Collected data entries -
lemma tq_eq_iff: "tq alg lm f = tq alg lm g \<longleftrightarrow> f - g \<in> tensor_N alg lm"
proof
  assume "tq alg lm f = tq alg lm g"
  then have "f \<in> tq alg lm g" using self_in_tq by metis
  then show "f - g \<in> tensor_N alg lm" unfolding tq_def by auto
next
  assume fg: "f - g \<in> tensor_N alg lm"
  then have "g - f \<in> tensor_N alg lm" using tensor_N_uminus by fastforce
  with fg show "tq alg lm f = tq alg lm g" by (intro equalityI tq_subset)
qed

lemma rep_tq: "rep (tq alg lm f) - f \<in> tensor_N alg lm"
proof -
  have "rep (tq alg lm f) \<in> tq alg lm f"
    unfolding rep_def using self_in_tq by (rule someI)
  then show ?thesis unfolding tq_def by auto
qed

lemma tq_rep_add: "tq alg lm (rep (tq alg lm f) + rep (tq alg lm g)) = tq alg lm (f + g)"
proof -
  have "(rep (tq alg lm f) + rep (tq alg lm g)) - (f + g)
      = (rep (tq alg lm f) - f) + (rep (tq alg lm g) - g)" by simp
  then show ?thesis unfolding tq_eq_iff using tensor_N_add[OF rep_tq rep_tq] by metis
qed

lemma tq_rep_fsmult: "tq alg lm (fsmult r (rep (tq alg lm f))) = tq alg lm (fsmult r f)"
  unfolding tq_eq_iff fsmult_diff[symmetric] by (rule tensor_N_fsmult[OF rep_tq])

lemma tq_gen_zero: "tq alg lm (gen 0 as) = tq alg lm 0"
  unfolding tq_eq_iff using gen_zero_in_tensor_N by simp

lemma tq_gen_Nil_add: "tq alg lm (gen (m + m') []) = tq alg lm (gen m [] + gen m' [])"
  unfolding tq_eq_iff using gen_add_in_tensor_N[of m m' "[]" alg lm] by (simp add: algebra_simps)

lemma tq_gen_Nil_scalar: "tq alg lm (gen (lm (alg r) m) []) = tq alg lm (fsmult r (gen m []))"
  unfolding tq_eq_iff by (rule gen_scalar_in_tensor_N)

lemma sum_single_Nil_in_tensor_N:
  assumes "finite S" "\<forall>y\<in>S. snd y = []"
  shows "(\<Sum>y\<in>S. Poly_Mapping.single y (c y)) - gen (\<Sum>y\<in>S. lm (alg (c y)) (fst y)) []
    \<in> tensor_N alg lm"
  using assms
proof (induction S rule: finite_induct)
  case empty
  then show ?case using tensor_N_uminus[OF gen_zero_in_tensor_N] by simp
next
  case (insert y S)
  define m where "m = lm (alg (c y)) (fst y)"
  define m' where "m' = (\<Sum>y\<in>S. lm (alg (c y)) (fst y))"
  have y: "y = (fst y, [])" using insert.prems by (cases y) simp
  have single: "Poly_Mapping.single y (c y) - gen m [] \<in> tensor_N alg lm"
    using tensor_N_uminus[OF gen_scalar_in_tensor_N[where alg = alg and lm = lm and r = "c y"
          and m = "fst y" and as = "[]"]] y
    by (simp add: m_def fsmult_gen)
  have IH: "(\<Sum>y\<in>S. Poly_Mapping.single y (c y)) - gen m' [] \<in> tensor_N alg lm"
    using insert.IH insert.prems by (simp add: m'_def)
  have "(\<Sum>y\<in>insert y S. Poly_Mapping.single y (c y)) - gen (m + m') []
      = (Poly_Mapping.single y (c y) - gen m [])
        + ((\<Sum>y\<in>S. Poly_Mapping.single y (c y)) - gen m' [])
        - (gen (m + m') [] - gen m [] - gen m' [])"
    using insert.hyps by (simp add: algebra_simps)
  also have "\<dots> \<in> tensor_N alg lm"
    by (rule tensor_N_diff[OF tensor_N_add[OF single IH] gen_add_in_tensor_N])
  finally show ?case using insert.hyps by (simp add: m_def m'_def)
qed

lemma tensor_carrier_0: "tensor_carrier alg lm 0 = range (\<lambda>m. tq alg lm (gen m []))"
proof
  show "tensor_carrier alg lm 0 \<subseteq> range (\<lambda>m. tq alg lm (gen m []))"
  proof
    fix X assume "X \<in> tensor_carrier alg lm 0"
    then obtain f where f: "\<forall>y\<in>Poly_Mapping.keys f. snd y = []" "X = tq alg lm f"
      unfolding tensor_carrier_def free_len_def by auto
    let ?m = "\<Sum>y\<in>Poly_Mapping.keys f. lm (alg (Poly_Mapping.lookup f y)) (fst y)"
    have "f - gen ?m [] \<in> tensor_N alg lm"
      using sum_single_Nil_in_tensor_N[OF finite_keys f(1),
          where c = "Poly_Mapping.lookup f" and alg = alg and lm = lm]
      by (simp add: sum_single_lookup)
    then show "X \<in> range (\<lambda>m. tq alg lm (gen m []))"
      unfolding f(2) tq_eq_iff[symmetric] by blast
  qed
  show "range (\<lambda>m. tq alg lm (gen m [])) \<subseteq> tensor_carrier alg lm 0"
    unfolding tensor_carrier_def free_len_def gen_def by auto
qed

text \<open>\<open>proj_M\<close> realises \<open>M \<otimes> A\<^sup>\<otimes>\<^sup>0 \<cong> M\<close> on representatives; since it kills
  \<open>tensor_N\<close>, it separates the classes of the generators \<open>gen m []\<close>.\<close>

definition proj_M :: "('r::comm_ring_1 \<Rightarrow> 'a::ring_1) \<Rightarrow> ('a \<Rightarrow> 'm::ab_group_add \<Rightarrow> 'm)
    \<Rightarrow> ('m, 'a, 'r) free \<Rightarrow> 'm" where
  "proj_M alg lm f = (\<Sum>y\<in>Poly_Mapping.keys f.
     if snd y = [] then lm (alg (Poly_Mapping.lookup f y)) (fst y) else 0)"

context
  fixes alg :: "'r::comm_ring_1 \<Rightarrow> 'a::ring_1"
    and lm :: "'a \<Rightarrow> 'm::ab_group_add \<Rightarrow> 'm" and rm :: "'m \<Rightarrow> 'a \<Rightarrow> 'm"
  assumes alg: "r_algebra alg" and bimod: "bimodule alg lm rm"
begin

lemma alg_add: "alg (r + s) = alg r + alg s"
  and alg_mult: "alg (r * s) = alg r * alg s"
  and alg_one: "alg 1 = 1"
  using alg unfolding r_algebra_def by blast+

lemma alg_zero: "alg 0 = 0"
  using alg_add[of 0 0] by simp

lemma lm_one: "lm 1 x = x"
  and lm_mult: "lm (a * b) x = lm a (lm b x)"
  and lm_add_left: "lm (a + b) x = lm a x + lm b x"
  and lm_add_right: "lm a (x + y) = lm a x + lm a y"
  using bimod unfolding bimodule_def by simp_all

lemma lm_zero_left: "lm 0 x = 0"
  using lm_add_left[of 0 0 x] by simp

About this task - Word for word, retype all of the entries above.

Task answer -
lemma tq_eq_iff: "tq alg lm f = tq alg lm g \<longleftrightarrow> f - g \<in> tensor_N alg lm"
proof
  assume "tq alg lm f = tq alg lm g"
  then have "f \<in> tq alg lm g" using self_in_tq by metis
  then show "f - g \<in> tensor_N alg lm" unfolding tq_def by auto
next
  assume fg: "f - g \<in> tensor_N alg lm"
  then have "g - f \<in> tensor_N alg lm" using tensor_N_uminus by fastforce
  with fg show "tq alg lm f = tq alg lm g" by (intro equalityI tq_subset)
qed

lemma rep_tq: "rep (tq alg lm f) - f \<in> tensor_N alg lm"
proof -
  have "rep (tq alg lm f) \<in> tq alg lm f"
    unfolding rep_def using self_in_tq by (rule someI)
  then show ?thesis unfolding tq_def by auto
qed

lemma tq_rep_add: "tq alg lm (rep (tq alg lm f) + rep (tq alg lm g)) = tq alg lm (f + g)"
proof -
  have "(rep (tq alg lm f) + rep (tq alg lm g)) - (f + g)
      = (rep (tq alg lm f) - f) + (rep (tq alg lm g) - g)" by simp
  then show ?thesis unfolding tq_eq_iff using tensor_N_add[OF rep_tq rep_tq] by metis
qed

lemma tq_rep_fsmult: "tq alg lm (fsmult r (rep (tq alg lm f))) = tq alg lm (fsmult r f)"
  unfolding tq_eq_iff fsmult_diff[symmetric] by (rule tensor_N_fsmult[OF rep_tq])

lemma tq_gen_zero: "tq alg lm (gen 0 as) = tq alg lm 0"
  unfolding tq_eq_iff using gen_zero_in_tensor_N by simp

lemma tq_gen_Nil_add: "tq alg lm (gen (m + m') []) = tq alg lm (gen m [] + gen m' [])"
  unfolding tq_eq_iff using gen_add_in_tensor_N[of m m' "[]" alg lm] by (simp add: algebra_simps)

lemma tq_gen_Nil_scalar: "tq alg lm (gen (lm (alg r) m) []) = tq alg lm (fsmult r (gen m []))"
  unfolding tq_eq_iff by (rule gen_scalar_in_tensor_N)

lemma sum_single_Nil_in_tensor_N:
  assumes "finite S" "\<forall>y\<in>S. snd y = []"
  shows "(\<Sum>y\<in>S. Poly_Mapping.single y (c y)) - gen (\<Sum>y\<in>S. lm (alg (c y)) (fst y)) []
    \<in> tensor_N alg lm"
  using assms
proof (induction S rule: finite_induct)
  case empty
  then show ?case using tensor_N_uminus[OF gen_zero_in_tensor_N] by simp
next
  case (insert y S)
  define m where "m = lm (alg (c y)) (fst y)"
  define m' where "m' = (\<Sum>y\<in>S. lm (alg (c y)) (fst y))"
  have y: "y = (fst y, [])" using insert.prems by (cases y) simp
  have single: "Poly_Mapping.single y (c y) - gen m [] \<in> tensor_N alg lm"
    using tensor_N_uminus[OF gen_scalar_in_tensor_N[where alg = alg and lm = lm and r = "c y"
          and m = "fst y" and as = "[]"]] y
    by (simp add: m_def fsmult_gen)
  have IH: "(\<Sum>y\<in>S. Poly_Mapping.single y (c y)) - gen m' [] \<in> tensor_N alg lm"
    using insert.IH insert.prems by (simp add: m'_def)
  have "(\<Sum>y\<in>insert y S. Poly_Mapping.single y (c y)) - gen (m + m') []
      = (Poly_Mapping.single y (c y) - gen m [])
        + ((\<Sum>y\<in>S. Poly_Mapping.single y (c y)) - gen m' [])
        - (gen (m + m') [] - gen m [] - gen m' [])"
    using insert.hyps by (simp add: algebra_simps)
  also have "\<dots> \<in> tensor_N alg lm"
    by (rule tensor_N_diff[OF tensor_N_add[OF single IH] gen_add_in_tensor_N])
  finally show ?case using insert.hyps by (simp add: m_def m'_def)
qed

lemma tensor_carrier_0: "tensor_carrier alg lm 0 = range (\<lambda>m. tq alg lm (gen m []))"
proof
  show "tensor_carrier alg lm 0 \<subseteq> range (\<lambda>m. tq alg lm (gen m []))"
  proof
    fix X assume "X \<in> tensor_carrier alg lm 0"
    then obtain f where f: "\<forall>y\<in>Poly_Mapping.keys f. snd y = []" "X = tq alg lm f"
      unfolding tensor_carrier_def free_len_def by auto
    let ?m = "\<Sum>y\<in>Poly_Mapping.keys f. lm (alg (Poly_Mapping.lookup f y)) (fst y)"
    have "f - gen ?m [] \<in> tensor_N alg lm"
      using sum_single_Nil_in_tensor_N[OF finite_keys f(1),
          where c = "Poly_Mapping.lookup f" and alg = alg and lm = lm]
      by (simp add: sum_single_lookup)
    then show "X \<in> range (\<lambda>m. tq alg lm (gen m []))"
      unfolding f(2) tq_eq_iff[symmetric] by blast
  qed
  show "range (\<lambda>m. tq alg lm (gen m [])) \<subseteq> tensor_carrier alg lm 0"
    unfolding tensor_carrier_def free_len_def gen_def by auto
qed

text \<open>\<open>proj_M\<close> realises \<open>M \<otimes> A\<^sup>\<otimes>\<^sup>0 \<cong> M\<close> on representatives; since it kills
  \<open>tensor_N\<close>, it separates the classes of the generators \<open>gen m []\<close>.\<close>

definition proj_M :: "('r::comm_ring_1 \<Rightarrow> 'a::ring_1) \<Rightarrow> ('a \<Rightarrow> 'm::ab_group_add \<Rightarrow> 'm)
    \<Rightarrow> ('m, 'a, 'r) free \<Rightarrow> 'm" where
  "proj_M alg lm f = (\<Sum>y\<in>Poly_Mapping.keys f.
     if snd y = [] then lm (alg (Poly_Mapping.lookup f y)) (fst y) else 0)"

context
  fixes alg :: "'r::comm_ring_1 \<Rightarrow> 'a::ring_1"
    and lm :: "'a \<Rightarrow> 'm::ab_group_add \<Rightarrow> 'm" and rm :: "'m \<Rightarrow> 'a \<Rightarrow> 'm"
  assumes alg: "r_algebra alg" and bimod: "bimodule alg lm rm"
begin

lemma alg_add: "alg (r + s) = alg r + alg s"
  and alg_mult: "alg (r * s) = alg r * alg s"
  and alg_one: "alg 1 = 1"
  using alg unfolding r_algebra_def by blast+

lemma alg_zero: "alg 0 = 0"
  using alg_add[of 0 0] by simp

lemma lm_one: "lm 1 x = x"
  and lm_mult: "lm (a * b) x = lm a (lm b x)"
  and lm_add_left: "lm (a + b) x = lm a x + lm b x"
  and lm_add_right: "lm a (x + y) = lm a x + lm a y"
  using bimod unfolding bimodule_def by simp_all

lemma lm_zero_left: "lm 0 x = 0"
  using lm_add_left[of 0 0 x] by simp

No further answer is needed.